(Aim of the exercise):
Every line from the one with "using assms unfolding" through the end of the records below should be restated word for word, and nothing outside that span.

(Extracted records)
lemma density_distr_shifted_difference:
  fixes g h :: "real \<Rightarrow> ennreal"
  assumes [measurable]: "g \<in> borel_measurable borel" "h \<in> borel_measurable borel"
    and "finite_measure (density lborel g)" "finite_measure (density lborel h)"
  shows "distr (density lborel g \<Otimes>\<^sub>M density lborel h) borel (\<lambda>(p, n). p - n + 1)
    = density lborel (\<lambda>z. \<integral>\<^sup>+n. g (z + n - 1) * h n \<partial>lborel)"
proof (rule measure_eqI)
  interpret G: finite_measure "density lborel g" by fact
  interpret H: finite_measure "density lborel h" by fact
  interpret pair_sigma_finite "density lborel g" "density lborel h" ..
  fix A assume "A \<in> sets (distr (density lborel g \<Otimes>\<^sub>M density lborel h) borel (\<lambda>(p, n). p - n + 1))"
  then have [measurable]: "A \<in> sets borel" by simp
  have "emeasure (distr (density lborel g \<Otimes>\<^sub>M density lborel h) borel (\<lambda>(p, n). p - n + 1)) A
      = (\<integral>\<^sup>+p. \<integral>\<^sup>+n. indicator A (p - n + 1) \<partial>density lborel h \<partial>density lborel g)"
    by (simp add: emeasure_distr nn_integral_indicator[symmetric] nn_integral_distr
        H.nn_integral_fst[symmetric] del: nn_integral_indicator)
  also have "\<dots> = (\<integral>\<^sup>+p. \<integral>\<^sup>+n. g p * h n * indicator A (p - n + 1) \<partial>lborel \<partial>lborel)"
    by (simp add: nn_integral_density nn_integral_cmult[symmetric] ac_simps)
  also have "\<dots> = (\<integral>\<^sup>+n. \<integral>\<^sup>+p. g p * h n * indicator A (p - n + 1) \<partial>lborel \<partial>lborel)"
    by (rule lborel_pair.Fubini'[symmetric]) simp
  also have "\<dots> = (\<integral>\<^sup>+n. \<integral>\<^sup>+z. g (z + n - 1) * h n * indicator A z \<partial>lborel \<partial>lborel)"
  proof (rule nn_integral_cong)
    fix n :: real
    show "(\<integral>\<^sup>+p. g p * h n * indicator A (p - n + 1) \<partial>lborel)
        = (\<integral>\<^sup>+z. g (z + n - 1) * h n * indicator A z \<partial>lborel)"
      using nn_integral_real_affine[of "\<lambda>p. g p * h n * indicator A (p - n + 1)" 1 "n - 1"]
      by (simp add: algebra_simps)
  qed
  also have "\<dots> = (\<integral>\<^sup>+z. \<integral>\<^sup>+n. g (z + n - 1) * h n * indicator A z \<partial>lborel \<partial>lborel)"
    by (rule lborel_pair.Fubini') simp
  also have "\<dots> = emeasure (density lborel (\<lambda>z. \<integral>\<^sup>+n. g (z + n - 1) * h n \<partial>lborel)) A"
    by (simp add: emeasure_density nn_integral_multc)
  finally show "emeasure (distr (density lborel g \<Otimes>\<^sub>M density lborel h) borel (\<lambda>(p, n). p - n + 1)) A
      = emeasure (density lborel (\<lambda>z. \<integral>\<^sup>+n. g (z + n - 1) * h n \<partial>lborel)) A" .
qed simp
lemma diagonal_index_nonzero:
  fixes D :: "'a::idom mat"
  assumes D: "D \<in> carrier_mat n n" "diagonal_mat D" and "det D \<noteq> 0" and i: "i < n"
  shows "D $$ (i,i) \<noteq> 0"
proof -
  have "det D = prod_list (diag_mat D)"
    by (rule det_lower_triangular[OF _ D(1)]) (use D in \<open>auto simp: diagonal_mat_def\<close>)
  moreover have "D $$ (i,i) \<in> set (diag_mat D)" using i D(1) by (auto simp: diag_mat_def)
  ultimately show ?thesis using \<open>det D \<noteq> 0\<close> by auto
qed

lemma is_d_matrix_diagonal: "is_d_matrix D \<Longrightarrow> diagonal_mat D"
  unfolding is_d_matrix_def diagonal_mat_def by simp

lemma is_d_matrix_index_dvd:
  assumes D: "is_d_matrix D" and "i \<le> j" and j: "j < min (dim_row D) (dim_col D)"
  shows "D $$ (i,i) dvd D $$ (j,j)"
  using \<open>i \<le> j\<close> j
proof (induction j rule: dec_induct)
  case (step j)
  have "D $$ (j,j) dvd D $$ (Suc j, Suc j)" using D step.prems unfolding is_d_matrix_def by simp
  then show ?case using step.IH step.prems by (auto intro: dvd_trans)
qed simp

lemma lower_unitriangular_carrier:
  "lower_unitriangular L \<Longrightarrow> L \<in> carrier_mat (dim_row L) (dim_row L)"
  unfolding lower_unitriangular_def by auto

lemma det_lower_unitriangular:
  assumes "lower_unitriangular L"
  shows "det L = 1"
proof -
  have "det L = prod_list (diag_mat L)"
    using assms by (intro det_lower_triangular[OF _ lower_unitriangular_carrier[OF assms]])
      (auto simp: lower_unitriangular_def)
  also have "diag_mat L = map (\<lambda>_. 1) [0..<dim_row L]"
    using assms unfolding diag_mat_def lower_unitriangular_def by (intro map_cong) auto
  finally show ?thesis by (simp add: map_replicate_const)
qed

(Result of this exercise):
    using assms unfolding diag_mat_def lower_unitriangular_def by (intro map_cong) auto
  finally show ?thesis by (simp add: map_replicate_const)
qed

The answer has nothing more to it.